Step 1: Sign Up and Set Up a NodeShift Cloud Account

Visit the NodeShift Platform and create an account. Once you’ve signed up, log into your account.

Follow the account setup process and provide the necessary details and information.

Step 2: Create a GPU Node (Virtual Machine)

GPU Nodes are NodeShift’s GPU Virtual Machines, on-demand resources equipped with diverse GPUs ranging from H100s to A100s. These GPU-powered VMs provide enhanced environmental control, allowing configuration adjustments for GPUs, CPUs, RAM, and Storage based on specific requirements.

Navigate to the menu on the left side. Select the GPU Nodes option, create a GPU Node in the Dashboard, click the Create GPU Node button, and create your first Virtual Machine deploy

Step 3: Select a Model, Region, and Storage

In the “GPU Nodes” tab, select a GPU Model and Storage according to your needs and the geographical region where you want to launch your model.

Step 4: Select Authentication Method

There are two authentication methods available: Password and SSH Key. SSH keys are a more secure option. To create them, please refer to our official documentation.

Step 5: Choose an Image

Next, you will need to choose an image for your Virtual Machine. We will deploy SmolDocling-256M-Preview on an NVIDIA Cuda Virtual Machine. This proprietary, closed-source parallel computing platform will allow you to install SmolDocling-256M-Preview on your GPU Node.

After choosing the image, click the ‘Create’ button, and your Virtual Machine will be deployed.

Step 6: Virtual Machine Successfully Deployed

You will get visual confirmation that your node is up and running.

Step 7: Connect to GPUs using SSH

NodeShift GPUs can be connected to and controlled through a terminal using the SSH key provided during GPU creation.

Once your GPU Node deployment is successfully created and has reached the ‘RUNNING’ status, you can navigate to the page of your GPU Deployment Instance.
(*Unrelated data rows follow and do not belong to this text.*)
lemma block_diag_congruence:
  fixes U B a :: "'a::comm_ring_1 mat"
  assumes U: "U \<in> carrier_mat n n" and B: "B \<in> carrier_mat n n" and a: "a \<in> carrier_mat 1 1"
  defines "F \<equiv> four_block_mat (1\<^sub>m 1) (0\<^sub>m 1 n) (0\<^sub>m n 1) U"
  shows "transpose_mat F * four_block_mat a (0\<^sub>m 1 n) (0\<^sub>m n 1) B * F
    = four_block_mat a (0\<^sub>m 1 n) (0\<^sub>m n 1) (transpose_mat U * B * U)"
proof -
  have "transpose_mat F = four_block_mat (1\<^sub>m 1) (0\<^sub>m 1 n) (0\<^sub>m n 1) (transpose_mat U)"
    unfolding F_def using U by (subst transpose_four_block_mat) auto
  then have "transpose_mat F * four_block_mat a (0\<^sub>m 1 n) (0\<^sub>m n 1) B
      = four_block_mat a (0\<^sub>m 1 n) (0\<^sub>m n 1) (transpose_mat U * B)"
    using U B a by (simp add: mult_four_block_mat[of _ 1 1 _ n _ n _ _ 1 _ n])
  then show ?thesis
    unfolding F_def using U B a by (simp add: mult_four_block_mat[of _ 1 1 _ n _ n _ _ 1 _ n])
qed

lemma is_orthogonal_mat_block_diag:
  fixes U :: "'a::comm_ring_1 mat"
  assumes U: "is_orthogonal_mat n U"
  shows "is_orthogonal_mat (Suc n) (four_block_mat (1\<^sub>m 1) (0\<^sub>m 1 n) (0\<^sub>m n 1) U)"
proof -
  define F where "F = four_block_mat (1\<^sub>m 1) (0\<^sub>m 1 n) (0\<^sub>m n 1) U"
  have Uc: "U \<in> carrier_mat n n" using U unfolding is_orthogonal_mat_def by simp
  have Fc: "F \<in> carrier_mat (Suc n) (Suc n)" unfolding F_def using Uc by auto
  have one: "four_block_mat (1\<^sub>m 1) (0\<^sub>m 1 n) (0\<^sub>m n 1) (1\<^sub>m n) = 1\<^sub>m (Suc n)"
    using four_block_one_mat[of 1 n] by simp
  have "transpose_mat F * F = transpose_mat F * 1\<^sub>m (Suc n) * F" using Fc by simp
  also have "\<dots> = 1\<^sub>m (Suc n)"
    unfolding one[symmetric] F_def block_diag_congruence[OF Uc one_carrier_mat one_carrier_mat]
    using U Uc unfolding is_orthogonal_mat_def by (simp add: one)
  finally show ?thesis using Fc unfolding is_orthogonal_mat_def F_def by simp
qed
Then, click the ‘Connect’ button in the top right corner.

Now open your terminal and paste the proxy SSH IP or direct SSH IP.

Next, if you want to check the GPU details, run the command below:
nvidia-smi

Step 8: Update the System

Run the following command to update the system:
sudo apt update && sudo apt upgrade -y

Step 9: Check the Available Python version and Install the new version

Run the following commands to check the available Python version.

If you check the version of the python, system has Python 3.8.1 available by default. To install a higher version of Python, you’ll need to use the deadsnakes PPA.

Run the following commands to add the deadsnakes PPA:

sudo apt update
sudo apt install -y software-properties-common
sudo add-apt-repository -y ppa:deadsnakes/ppa
sudo apt update

Step 10: Install Python 3.10

Now, run the following command to install Python 3.10 or another desired version:
sudo apt install python3.10 python3.10-venv python3.10-dev -y

Then, run the following command to verify that the new Python version is active:
python3 --version

Step 11: Install Dependencies

Run the following command to install the dependencies:
sudo apt install build-essential libgl1 -y

Step 12: Install Pip for Python 3.10

Run the following command to install the Pip:
curl -sS https://bootstrap.pypa.io/get-pip.py | python3.10

Step 13: Create Python Environment

Run the following command to create the python environment:

python3.10 -m venv smoldocling-env
source smoldocling-env/bin/activate

Step 14: Clone the Docling Repository

Run the following command to clone the docling repository:

git clone https://github.com/ds4sd/docling.git
cd docling

Step 15: Install Poetry

Run the following command to install the poetry:
curl -sSL https://install.python-poetry.org | python3.10 -
After installation, run the following command to activate Poetry:
export PATH="/root/.local/bin:$PATH"

Then, run the following command to check the version of poetry:
poetry --version

Step 16: Install Project Dependencies

Run the following command to install project dependencies:
poetry install

Then, run the following command to activate the Poetry shell:
poetry shell

Step 17: Install Transformers and PIL

Run the following command to install transformers and PIL:
pip install transformers torch pillow

Step 18: Download a Real PDF from Google

Run the following command to download a real PDF from google:
wget https://arxiv.org/pdf/2307.06435 -O sample.pdf

Step 19: Create and Run the Inference Script

Paste this into a file using cat:
cat > smoldocling_test.py
Then paste the following code:

transformers import AutoProcessor, AutoModelForVision2Seq
from PIL import Image
import torch

# Load model and processor
processor = AutoProcessor.from_pretrained("ds4sd/SmolDocling-256M-preview")
model = AutoModelForVision2Seq.from_pretrained("ds4sd/SmolDocling-256M-preview").to("cuda")

# Load image
image = Image.open("sample_page.png").convert("RGB")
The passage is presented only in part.